→ Activity:
Look at each line of the listing. Copy those that hold the string "every".

──────── Dataset entries ────────

(* Let $\Sigma_1\subset E(1,1)$ be a regular surface. At every non-characteristic point of $\Sigma_1$, the Riemannian mean curvature $\mathcal H_L$ of $\Sigma_1$ in $(E(1,1),g_L)$ satisfies $$\lim_{L\to+\infty}\mathcal H_L=X_1(\bar p)+X_2(\bar q).$$
   Context: $E(1,1)$ is modelled on $\mathbb R^3$ with coordinates $(x_1,x_2,x_3)$ and vector fields $X_1=\partial_{x_3}$, $X_2=\frac{1}{\sqrt2}(-e^{x_3}\partial_{x_1}+e^{-x_3}\partial_{x_2})$, $X_3=-\frac1{\sqrt2}(e^{x_3}\partial_{x_1}+e^{-x_3}\partial_{x_2})$, dual forms $\omega_1=dx_3$, $\omega_2=\frac1{\sqrt2}(-e^{-x_3}dx_1+e^{x_3}dx_2)$, $\omega=-\frac1{\sqrt2}(e^{-x_3}dx_1+e^{x_3}dx_2)$. For $L>0$, $g_L=\omega_1\otimes\omega_1+\omega_2\otimes\omega_2+L\,\omega\otimes\omega$ (so $X_1,X_2,\widetilde X_3:=L^{-1/2}X_3$ is orthonormal), $\nabla^L$ its Levi-Civita connection. A regular surface is a Euclidean $C^2$-smooth compact oriented surface $\Sigma_1=\{u=0\}$ with $u$ Euclidean $C^2$ and nonvanishing Euclidean gradient. Put $p=X_1u$, $q=X_2u$, $r=\widetilde X_3u$, $l=\sqrt{p^2+q^2}$, $l_L=\sqrt{p^2+q^2+r^2}$, $\bar p=p/l$, $\bar q=q/l$, $\bar p_L=p/l_L$, $\bar q_L=q/l_L$, $\bar r_L=r/l_L$; non-characteristic means $l\ne0$. There $v_L=\bar p_LX_1+\bar q_LX_2+\bar r_L\widetilde X_3$ is the unit normal, $e_1=\bar qX_1-\bar pX_2$, $e_2=\bar r_L\bar pX_1+\bar r_L\bar qX_2-\frac l{l_L}\widetilde X_3$ an orthonormal tangent frame, and $\mathcal H_L=\langle\nabla^L_{e_1}v_L,e_1\rangle_L+\langle\nabla^L_{e_2}v_L,e_2\rangle_L$. *)

theory Defs
  imports "HOL-Analysis.Analysis"
begin

text \<open>The Lie group E(1,1) modelled on real^3, coordinates x$1, x$2, x$3.\<close>

type_synonym pt = "real ^ 3"

definition vec3 :: "real \<Rightarrow> real \<Rightarrow> real \<Rightarrow> pt" where
  "vec3 a b c = (\<chi> i. if i = 1 then a else if i = 2 then b else c)"

text \<open>Left-invariant vector fields, as coordinate vectors at each point.\<close>
definition X1 :: "pt \<Rightarrow> pt" where "X1 x = vec3 0 0 1"
definition X2 :: "pt \<Rightarrow> pt" where
  "X2 x = vec3 (- exp (x$3) / sqrt 2) (exp (- x$3) / sqrt 2) 0"
definition X3 :: "pt \<Rightarrow> pt" where
  "X3 x = vec3 (- exp (x$3) / sqrt 2) (- exp (- x$3) / sqrt 2) 0"
definition X3t :: "real \<Rightarrow> pt \<Rightarrow> pt" where
  "X3t L x = (1 / sqrt L) *\<^sub>R X3 x"

definition om1 :: "pt \<Rightarrow> pt \<Rightarrow> real" where "om1 x v = v$3"
definition om2 :: "pt \<Rightarrow> pt \<Rightarrow> real" where
  "om2 x v = (- exp (- x$3) * v$1 + exp (x$3) * v$2) / sqrt 2"
definition om :: "pt \<Rightarrow> pt \<Rightarrow> real" where
  "om x v = - (exp (- x$3) * v$1 + exp (x$3) * v$2) / sqrt 2"

definition gL :: "real \<Rightarrow> pt \<Rightarrow> pt \<Rightarrow> pt \<Rightarrow> real" where
  "gL L x v w = om1 x v * om1 x w + om2 x v * om2 x w + L * om x v * om x w"

definition gmat :: "real \<Rightarrow> pt \<Rightarrow> real ^ 3 ^ 3" where
  "gmat L x = (\<chi> i j. gL L x (axis i 1) (axis j 1))"

definition ginv :: "real \<Rightarrow> pt \<Rightarrow> real ^ 3 ^ 3" where
  "ginv L x = matrix_inv (gmat L x)"

definition dd :: "(pt \<Rightarrow> 'b::real_normed_vector) \<Rightarrow> pt \<Rightarrow> pt \<Rightarrow> 'b" where
  "dd f x v = frechet_derivative f (at x) v"

definition Christoffel :: "real \<Rightarrow> pt \<Rightarrow> 3 \<Rightarrow> 3 \<Rightarrow> 3 \<Rightarrow> real" where
  "Christoffel L x k i j =
     (\<Sum>l\<in>UNIV. (1/2) * ginv L x $ k $ l *
        (dd (\<lambda>y. gmat L y $ j $ l) x (axis i 1)
       + dd (\<lambda>y. gmat L y $ i $ l) x (axis j 1)
       - dd (\<lambda>y. gmat L y $ i $ j) x (axis l 1)))"

definition nablaL :: "real \<Rightarrow> (pt \<Rightarrow> pt) \<Rightarrow> (pt \<Rightarrow> pt) \<Rightarrow> pt \<Rightarrow> pt" where
  "nablaL L Y Z x = dd Z x (Y x)
     + (\<chi> k. \<Sum>i\<in>UNIV. \<Sum>j\<in>UNIV. Christoffel L x k i j * (Y x)$i * (Z x)$j)"

definition C2 :: "(pt \<Rightarrow> real) \<Rightarrow> bool" where
  "C2 u \<longleftrightarrow> (\<exists>G M. (\<forall>x. (u has_derivative (\<lambda>h. G x \<bullet> h)) (at x))
                  \<and> (\<forall>x. (G has_derivative (\<lambda>h. M x *v h)) (at x))
                  \<and> continuous_on UNIV M)"

definition regular_surface_fn :: "(pt \<Rightarrow> real) \<Rightarrow> bool" where
  "regular_surface_fn u \<longleftrightarrow> C2 u \<and> compact {x. u x = 0}
     \<and> (\<forall>x. u x = 0 \<longrightarrow> frechet_derivative u (at x) \<noteq> (\<lambda>h. 0))"

definition pp :: "(pt \<Rightarrow> real) \<Rightarrow> pt \<Rightarrow> real" where "pp u x = dd u x (X1 x)"
definition qq :: "(pt \<Rightarrow> real) \<Rightarrow> pt \<Rightarrow> real" where "qq u x = dd u x (X2 x)"
definition rr :: "real \<Rightarrow> (pt \<Rightarrow> real) \<Rightarrow> pt \<Rightarrow> real" where "rr L u x = dd u x (X3t L x)"
definition ll :: "(pt \<Rightarrow> real) \<Rightarrow> pt \<Rightarrow> real" where
  "ll u x = sqrt ((pp u x)\<^sup>2 + (qq u x)\<^sup>2)"
definition lL :: "real \<Rightarrow> (pt \<Rightarrow> real) \<Rightarrow> pt \<Rightarrow> real" where
  "lL L u x = sqrt ((pp u x)\<^sup>2 + (qq u x)\<^sup>2 + (rr L u x)\<^sup>2)"
definition pbar :: "(pt \<Rightarrow> real) \<Rightarrow> pt \<Rightarrow> real" where "pbar u x = pp u x / ll u x"
definition qbar :: "(pt \<Rightarrow> real) \<Rightarrow> pt \<Rightarrow> real" where "qbar u x = qq u x / ll u x"
definition pbarL :: "real \<Rightarrow> (pt \<Rightarrow> real) \<Rightarrow> pt \<Rightarrow> real" where "pbarL L u x = pp u x / lL L u x"
definition qbarL :: "real \<Rightarrow> (pt \<Rightarrow> real) \<Rightarrow> pt \<Rightarrow> real" where "qbarL L u x = qq u x / lL L u x"
definition rbarL :: "real \<Rightarrow> (pt \<Rightarrow> real) \<Rightarrow> pt \<Rightarrow> real" where "rbarL L u x = rr L u x / lL L u x"

text \<open>Unit normal and orthonormal tangent frame.\<close>
definition nuL :: "real \<Rightarrow> (pt \<Rightarrow> real) \<Rightarrow> pt \<Rightarrow> pt" where
  "nuL L u x = pbarL L u x *\<^sub>R X1 x + qbarL L u x *\<^sub>R X2 x + rbarL L u x *\<^sub>R X3t L x"
definition e1 :: "(pt \<Rightarrow> real) \<Rightarrow> pt \<Rightarrow> pt" where
  "e1 u x = qbar u x *\<^sub>R X1 x - pbar u x *\<^sub>R X2 x"
definition e2 :: "real \<Rightarrow> (pt \<Rightarrow> real) \<Rightarrow> pt \<Rightarrow> pt" where
  "e2 L u x = (rbarL L u x * pbar u x) *\<^sub>R X1 x + (rbarL L u x * qbar u x) *\<^sub>R X2 x
              - (ll u x / lL L u x) *\<^sub>R X3t L x"

definition HL :: "real \<Rightarrow> (pt \<Rightarrow> real) \<Rightarrow> pt \<Rightarrow> real" where
  "HL L u x = gL L x (nablaL L (e1 u) (nuL L u) x) (e1 u x)
            + gL L x (nablaL L (e2 L u) (nuL L u) x) (e2 L u x)"

end

theory Submission
  imports Defs
begin

(* In the frame X1, X2, X3 the metric g_L is diag(1, 1, L) and its coefficients depend on x3
   only, so the Levi-Civita connection is the coordinate derivative plus a Koszul correction
   by the x3-derivative of g_L.  Put s = L^(-1/2) and R = X3 u.  Then the unit normal is
   (p X1 + q X2 + s^2 R X3) / l_s with l_s = sqrt (p^2 + q^2 + s^2 R^2), and every coefficient
   of e2 is O(s).  The O(L) contributions to <nabla_e2 nu, e2> cancel, because the horizontal
   parts of e2 and nu are parallel; afterwards both terms of H_L are continuous in s at s = 0.
   At s = 0 the e2-term vanishes and the e1-term is qbar e1(pbar) - pbar e1(qbar), which equals
   X1 pbar + X2 qbar since pbar^2 + qbar^2 = 1. *)

lemma vec3_nth [simp]: "vec3 a b c $ 1 = a" "vec3 a b c $ 2 = b" "vec3 a b c $ 3 = c"
  by (simp_all add: vec3_def)

definition frame_vec :: "real \<Rightarrow> real \<Rightarrow> real \<Rightarrow> pt \<Rightarrow> pt" where
  "frame_vec c1 c2 c3 y = c1 *\<^sub>R X1 y + c2 *\<^sub>R X2 y + c3 *\<^sub>R X3 y"

lemma frame_vec_nth3 [simp]: "frame_vec c1 c2 c3 y $ 3 = c1"
  by (simp add: frame_vec_def X1_def X2_def X3_def)

lemma sqrt2_mult_self [simp]: "sqrt 2 * sqrt 2 = (2::real)" "sqrt 2 * (sqrt 2 * z) = (2::real) * z"
  by (simp_all add: mult.assoc[symmetric])

lemma gL_frame_vec: "gL L y (frame_vec c1 c2 c3 y) (frame_vec d1 d2 d3 y) = c1*d1 + c2*d2 + L*c3*d3"
  unfolding gL_def om1_def om2_def om_def frame_vec_def X1_def X2_def X3_def
  by (simp add: field_simps power2_eq_square exp_minus)

definition dgL :: "real \<Rightarrow> pt \<Rightarrow> pt \<Rightarrow> pt \<Rightarrow> real" where
  "dgL L y v w = (1 + L) * ((exp (y$3))\<^sup>2 * v$2 * w$2 - v$1 * w$1 / (exp (y$3))\<^sup>2)"

lemma dgL_frame_vec: "dgL L y (frame_vec c1 c2 c3 y) (frame_vec d1 d2 d3 y) = - (1 + L) * (c2*d3 + c3*d2)"
  unfolding dgL_def frame_vec_def X1_def X2_def X3_def
  by (simp add: field_simps power2_eq_square exp_minus)

lemma dgL_commute: "dgL L y v w = dgL L y w v"
  unfolding dgL_def by (simp add: algebra_simps)

lemma has_derivative_vec_nth [derivative_intros]: "((\<lambda>y::pt. y$i) has_derivative (\<lambda>h. h$i)) F"
  by (rule bounded_linear_imp_has_derivative[OF bounded_linear_vec_nth])

lemma gL_has_derivative: "((\<lambda>y. gL L y v w) has_derivative (\<lambda>h. h$3 * dgL L y0 v w)) (at y0)"
  unfolding gL_def om1_def om2_def om_def
  apply (rule derivative_eq_intros refl | simp)+
  apply (rule ext, simp add: dgL_def field_simps exp_minus power2_eq_square)
  done

lemma dd_gmat: "dd (\<lambda>y. gmat L y $ i $ j) x h = h$3 * dgL L x (axis i 1) (axis j 1)"
  unfolding dd_def gmat_def vec_lambda_beta
  by (metis frechet_derivative_at[OF gL_has_derivative])

lemma det_gmat: "det (gmat L x) = L"
  unfolding det_3 gmat_def gL_def om1_def om2_def om_def
  by (simp add: axis_def field_simps power2_eq_square exp_minus)

lemma gL_eq_inner_gmat: "gL L x v w = v \<bullet> (gmat L x *v w)"
  unfolding gmat_def gL_def om1_def om2_def om_def inner_vec_def matrix_vector_mult_def sum_3
  by (simp add: axis_def field_simps)

lemma transpose_gmat: "transpose (gmat L x) = gmat L x"
  unfolding gmat_def transpose_def gL_def by (simp add: vec_eq_iff mult.commute)

lemma gmat_ginv: assumes "L \<noteq> 0" shows "gmat L x ** ginv L x = mat 1"
proof -
  have "invertible (gmat L x)" using assms by (simp add: invertible_det_nz det_gmat)
  then have "\<exists>A'. gmat L x ** A' = mat 1 \<and> A' ** gmat L x = mat 1"
    by (simp add: invertible_def)
  then show ?thesis unfolding ginv_def matrix_inv_def by (metis (mono_tags, lifting) someI_ex)
qed

lemma gL_add_left: "gL L x (a + b) w = gL L x a w + gL L x b w"
  unfolding gL_def om1_def om2_def om_def by (simp add: field_simps)

lemma gL_nablaL:
  assumes "L \<noteq> 0"
  shows "gL L x (nablaL L Y Z x) W = gL L x (dd Z x (Y x)) W
     + (Y x $ 3 * dgL L x (Z x) W + Z x $ 3 * dgL L x (Y x) W - W $ 3 * dgL L x (Y x) (Z x)) / 2"
proof -
  define T where "T = (\<chi> l. \<Sum>i\<in>UNIV. \<Sum>j\<in>UNIV. (1/2) * (dd (\<lambda>y. gmat L y $ j $ l) x (axis i 1)
       + dd (\<lambda>y. gmat L y $ i $ l) x (axis j 1)
       - dd (\<lambda>y. gmat L y $ i $ j) x (axis l 1)) * Y x $ i * Z x $ j)"
  have Gamma: "(\<chi> k. \<Sum>i\<in>UNIV. \<Sum>j\<in>UNIV. Christoffel L x k i j * Y x $ i * Z x $ j) = ginv L x *v T"
    unfolding Christoffel_def T_def matrix_vector_mult_def vec_eq_iff sum_3
    by (simp add: algebra_simps)
  have "gL L x (ginv L x *v T) W = (gmat L x *v (ginv L x *v T)) \<bullet> W"
    by (metis gL_eq_inner_gmat dot_lmul_matrix transpose_gmat transpose_matrix_vector inner_commute)
  also have "\<dots> = T \<bullet> W"
    by (simp add: matrix_vector_mul_assoc gmat_ginv[OF assms])
  also have "\<dots> = (Y x $ 3 * dgL L x (Z x) W + Z x $ 3 * dgL L x (Y x) W - W $ 3 * dgL L x (Y x) (Z x)) / 2"
    unfolding T_def inner_vec_def sum_3 dd_gmat dgL_def
    by (simp add: axis_def field_simps)
  finally show ?thesis
    unfolding nablaL_def gL_add_left Gamma by simp
qed

lemma X1_has_derivative: "(X1 has_derivative (\<lambda>h. 0)) (at y)"
  unfolding X1_def[abs_def] by (rule has_derivative_const)

lemma X2_has_derivative: "(X2 has_derivative (\<lambda>h. h$3 *\<^sub>R X3 y)) (at y)"
proof -
  have X2_eq: "X2 = (\<lambda>y. (- exp (y$3) / sqrt 2) *\<^sub>R vec3 1 0 0 + (exp (- y$3) / sqrt 2) *\<^sub>R vec3 0 1 0)"
    by (rule ext) (simp add: X2_def vec_eq_iff forall_3)
  show ?thesis
    unfolding X2_eq by (auto intro!: derivative_eq_intros simp: X3_def fun_eq_iff vec_eq_iff forall_3 field_simps)
qed

lemma X3_has_derivative: "(X3 has_derivative (\<lambda>h. h$3 *\<^sub>R X2 y)) (at y)"
proof -
  have X3_eq: "X3 = (\<lambda>y. (- exp (y$3) / sqrt 2) *\<^sub>R vec3 1 0 0 + (- exp (- y$3) / sqrt 2) *\<^sub>R vec3 0 1 0)"
    by (rule ext) (simp add: X3_def vec_eq_iff forall_3)
  show ?thesis
    unfolding X3_eq by (auto intro!: derivative_eq_intros simp: X2_def fun_eq_iff vec_eq_iff forall_3 field_simps)
qed

lemma frame_field_has_derivative:
  assumes "(n1 has_derivative n1') (at x)" "(n2 has_derivative n2') (at x)" "(n3 has_derivative n3') (at x)"
  shows "((\<lambda>y. frame_vec (n1 y) (n2 y) (n3 y) y) has_derivative
           (\<lambda>h. frame_vec (n1' h) (n2' h + n3 x * h$3) (n3' h + n2 x * h$3) x)) (at x)"
  unfolding frame_vec_def
  by (rule derivative_eq_intros assms X1_has_derivative X2_has_derivative X3_has_derivative refl)+
     (simp add: algebra_simps)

────────

→ Expected answer:
(* Let $\Sigma_1\subset E(1,1)$ be a regular surface. At every non-characteristic point of $\Sigma_1$, the Riemannian mean curvature $\mathcal H_L$ of $\Sigma_1$ in $(E(1,1),g_L)$ satisfies $$\lim_{L\to+\infty}\mathcal H_L=X_1(\bar p)+X_2(\bar q).$$
   (p X1 + q X2 + s^2 R X3) / l_s with l_s = sqrt (p^2 + q^2 + s^2 R^2), and every coefficient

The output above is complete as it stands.